I grew up in a pretty traditional middleclass family of four. A dog, dinner at 6, bills, you know, school carpool. The Martin family was what you might call conventional, but not in a completely negative way. We could express our point of view… up to a point. My parents allowed us to have pierced ears (lobes only), never a pieced eyebrow or (God-forbid) a pierced nose! And no one in my family EVER had a tattoo, not even a dolphin on the ankle.
Now I have a family of my own. We’re not as conventional as the Martins. My husband and I definitely allow more freedom of expression at our house. Maggie, who’s three years old, usually chooses her own outfits and frequently looks (as my father so aptly puts it) “like a flag looking for a nation.” But I thought I had a few years before things like tattoos and piercings came up. Uh, apparently, not the case…

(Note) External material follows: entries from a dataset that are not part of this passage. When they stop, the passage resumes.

lemma colspace_adjoin_pivot:
  assumes cr: "is_cref m r M p"
  shows "colspace (Suc r) (adjoin_pivot m r M)
    = colspace r M \<union> (\<lambda>v i. v i + unit_vec m i) ` colspace r M"
proof -
  have "col (adjoin_pivot m r M) r = unit_vec m"
    using is_crefD(6)[OF cr] by (auto simp: col_def adjoin_pivot_def unit_vec_def)
  moreover have "lincomb r c (col (adjoin_pivot m r M)) = lincomb r c (col M)" for c
    by (rule lincomb_cong_vectors) (auto simp: col_def adjoin_pivot_def)
  ultimately have lincomb_adjoin: "lincomb (Suc r) c (col (adjoin_pivot m r M))
      = (\<lambda>i. lincomb r c (col M) i + c r * unit_vec m i)" for c
    by (simp add: lincomb_Suc)
  have lincomb_upd: "lincomb r (c(r := x)) V = lincomb r c V" for c x V
    by (rule lincomb_cong) simp
  show ?thesis
  proof (intro equalityI subsetI)
    fix v assume "v \<in> colspace (Suc r) (adjoin_pivot m r M)"
    then obtain c where "v = lincomb (Suc r) c (col (adjoin_pivot m r M))" by (rule colspaceE)
    then show "v \<in> colspace r M \<union> (\<lambda>v i. v i + unit_vec m i) ` colspace r M"
      using lincomb_in_colspace[of r c M] by (cases "c r") (auto simp: lincomb_adjoin)
  next
    fix v assume "v \<in> colspace r M \<union> (\<lambda>v i. v i + unit_vec m i) ` colspace r M"
    then obtain c x where "v = (\<lambda>i. lincomb r c (col M) i + x * unit_vec m i)"
      by (auto elim!: colspaceE) (metis mult_zero_left add_0_right, metis mult_1)
    then have "v = lincomb (Suc r) (c(r := x)) (col (adjoin_pivot m r M))"
      by (simp add: lincomb_adjoin lincomb_upd)
    then show "v \<in> colspace (Suc r) (adjoin_pivot m r M)" by (simp add: lincomb_in_colspace)
  qed
qed

lemma subspace_last_coord_zero:
  assumes "is_subspace2 (Suc m) H"
  shows "is_subspace2 m {v \<in> H. v m = 0}"
  using assms unfolding is_subspace2_def binvecs_def
  by (auto simp: subset_iff) (metis le_antisym not_less_eq_eq)

lemma subspace_image_fun_upd_zero:
  assumes "is_subspace2 (Suc m) H"
  shows "is_subspace2 m ((\<lambda>v. v(m := 0)) ` H)"
  unfolding is_subspace2_def
proof (intro conjI ballI)
  show "(\<lambda>v. v(m := 0)) ` H \<subseteq> binvecs m"
    using assms by (auto simp: is_subspace2_def binvecs_def subset_iff)
  have "(\<lambda>i. 0) = (\<lambda>i::nat. 0::bit)(m := 0)" by auto
  then show "(\<lambda>i. 0) \<in> (\<lambda>v. v(m := 0)) ` H"
    using assms unfolding is_subspace2_def by blast
  fix x y assume "x \<in> (\<lambda>v. v(m := 0)) ` H" "y \<in> (\<lambda>v. v(m := 0)) ` H"
  then obtain v w where "v \<in> H" "w \<in> H" "x = v(m := 0)" "y = w(m := 0)" by blast
  moreover have "(\<lambda>i. (v(m := 0)) i + (w(m := 0)) i) = (\<lambda>i. v i + w i)(m := 0)" by auto
  ultimately show "(\<lambda>i. x i + y i) \<in> (\<lambda>v. v(m := 0)) ` H"
    using assms unfolding is_subspace2_def by auto
qed

lemma inj_on_fun_upd_zero:
  assumes "is_subspace2 n H" "unit_vec m \<notin> H"
  shows "inj_on (\<lambda>v. v(m := 0)) H"
proof (rule inj_onI, rule ccontr)
  fix v w assume vw: "v \<in> H" "w \<in> H" and eq: "v(m := 0) = w(m := 0)" and "v \<noteq> w"
  have off: "v i = w i" if "i \<noteq> m" for i using fun_cong[OF eq, of i] that by simp
  then have "v m \<noteq> w m" using \<open>v \<noteq> w\<close> by (metis ext)
  then have "v m + w m = 1" by (metis bit_add_eq_0_iff bit_not_zero_iff)
  then have "(\<lambda>i. v i + w i) = unit_vec m" using off by (auto simp: unit_vec_def)
  then show False using assms vw unfolding is_subspace2_def by metis
qed

text \<open>Existence, by induction on \<open>m\<close>: if \<open>e\<^sub>m \<in> H\<close>, it becomes the last pivot column on top of
  the slice \<open>{v \<in> H. v\<^sub>m = 0}\<close>; otherwise deleting coordinate \<open>m\<close> is injective on \<open>H\<close>, and the
  last row of the echelon form is read off from the preimages of its columns.\<close>
lemma cref_exists_Suc_pivot:
  assumes sub: "is_subspace2 (Suc m) H" and e: "unit_vec m \<in> H" and card: "card H = 2 ^ r"
    and IH: "\<And>H r. is_subspace2 m H \<Longrightarrow> card H = 2 ^ r \<Longrightarrow> \<exists>M p. is_cref m r M p \<and> colspace r M = H"
  shows "\<exists>M p. is_cref (Suc m) r M p \<and> colspace r M = H"
proof -
  define H0 where "H0 = {v \<in> H. v m = 0}"
  define t where "t = (\<lambda>v i. v i + unit_vec m i)"
  have tH: "t v \<in> H" if "v \<in> H" for v
    using sub e that unfolding is_subspace2_def t_def by blast
  have tt: "t (t v) = v" for v unfolding t_def by (simp add: add.assoc)
  have tm: "t v m = v m + 1" for v unfolding t_def unit_vec_def by simp
  have split: "H = H0 \<union> t ` H0"
  proof (intro equalityI subsetI)
    fix v assume "v \<in> H"
    then show "v \<in> H0 \<union> t ` H0"
      using tH[of v] tm[of v] tt[of v] unfolding H0_def
      by (cases "v m") (auto intro: image_eqI[where x = "t v"])
  qed (use tH in \<open>auto simp: H0_def\<close>)
  have "finite H0" using subspace_finite[OF sub] unfolding H0_def by simp
  moreover have "H0 \<inter> t ` H0 = {}" using tm unfolding H0_def by auto
  moreover have "inj_on t H0" by (metis inj_onI tt)
  ultimately have "card H = 2 * card H0"
    by (simp add: split card_Un_disjoint card_image)
  then obtain r' where r: "r = Suc r'" and card0: "card H0 = 2 ^ r'"
    using card by (cases r) auto
  obtain M p where cr: "is_cref m r' M p" and cs: "colspace r' M = H0"
    using IH[OF subspace_last_coord_zero[OF sub, folded H0_def] card0] by blast
  have "colspace r (adjoin_pivot m r' M) = H"
    unfolding r colspace_adjoin_pivot[OF cr] cs split t_def ..
  then show ?thesis using is_cref_adjoin_pivot[OF cr] r by blast
qed

lemma cref_exists_Suc_proj:
  assumes sub: "is_subspace2 (Suc m) H" and e: "unit_vec m \<notin> H" and card: "card H = 2 ^ r"
    and IH: "\<And>H r. is_subspace2 m H \<Longrightarrow> card H = 2 ^ r \<Longrightarrow> \<exists>M p. is_cref m r M p \<and> colspace r M = H"
  shows "\<exists>M p. is_cref (Suc m) r M p \<and> colspace r M = H"
proof -
  let ?proj = "\<lambda>v::nat \<Rightarrow> bit. v(m := 0)"
  have inj: "inj_on ?proj H" by (rule inj_on_fun_upd_zero[OF sub e])
  obtain M p where cr: "is_cref m r M p" and cs: "colspace r M = ?proj ` H"
    using IH[OF subspace_image_fun_upd_zero[OF sub]] card card_image[OF inj] by metis
  have "\<exists>v\<in>H. ?proj v = col M j" if "j < r" for j
    using lincomb_in_colspace[of r "unit_vec j" M] lincomb_unit_vec[OF that] cs by auto
  then obtain L where L: "\<And>j. j < r \<Longrightarrow> L j \<in> H \<and> ?proj (L j) = col M j" by metis
  define w where "w = (\<lambda>j. if j < r then L j m else 0)"
  have cols: "col (adjoin_row m w M) j = L j" if "j < r" for j
  proof
    fix i
    have "?proj (L j) = col M j" using L[OF that] by blast
    from fun_cong[OF this, of i] show "col (adjoin_row m w M) j i = L j i"
      using that by (cases "i = m") (auto simp: col_def adjoin_row_def w_def)
  qed
  have "colspace r (adjoin_row m w M) = H"
  proof (intro equalityI subsetI)
    fix v assume "v \<in> colspace r (adjoin_row m w M)"
    then show "v \<in> H"
      using lincomb_in_subspace[OF sub, of r L] L
      by (auto elim!: colspaceE simp: lincomb_cong_vectors[OF cols])
  next
    fix v assume v: "v \<in> H"
    then obtain c where "?proj v = lincomb r c (col M)" using cs by (auto elim: colspaceE)
    also have "\<dots> = lincomb r c (\<lambda>j. ?proj (L j))" by (rule lincomb_cong_vectors) (simp add: L)
    also have "\<dots> = ?proj (lincomb r c L)" by (rule lincomb_fun_upd_zero)
    finally have "v = lincomb r c L"
      using inj v lincomb_in_subspace[OF sub, of r L c] L by (auto dest: inj_onD)
    then show "v \<in> colspace r (adjoin_row m w M)"
      using lincomb_in_colspace[of r c "adjoin_row m w M"] by (simp add: lincomb_cong_vectors[OF cols])
  qed
  moreover have "w \<in> binvecs r" by (simp add: w_def binvecs_def)
  ultimately show ?thesis using is_cref_adjoin_row[OF cr] by blast
qed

A few nights ago, my husband and I were sitting with Maggie having dinner at a restaurant. A guy covered in brightly colored tattoos sat at the table next to us. Maggie watched him awhile utterly fascinated. Finally she leaned over to him and said: “I like your pretty pictures.” I saw the guy’s heart just melt.
And just yesterday while in the car, Maggie noticed a motorcycle in the lane next to us. She earnestly asked me: “Mom, if I practice really hard, can I drive a motorcycle someday?” Really?!
In my hysterical mind, teenagedom’s not even on the horizon, and Maggie’s already telling me that she’s going to run away on a Harley with a guy sporting plenty of ink.
In my rational mind, she thinks it’s really cool to have pictures drawn on your skin (that don’t come off when you take a bath!) and to go really fast with the wind whipping in your hair. Hey, come to think of it, I like those things too. Maybe they aren’t so scary or even so unconventional. But… motorcycles are still a bad idea.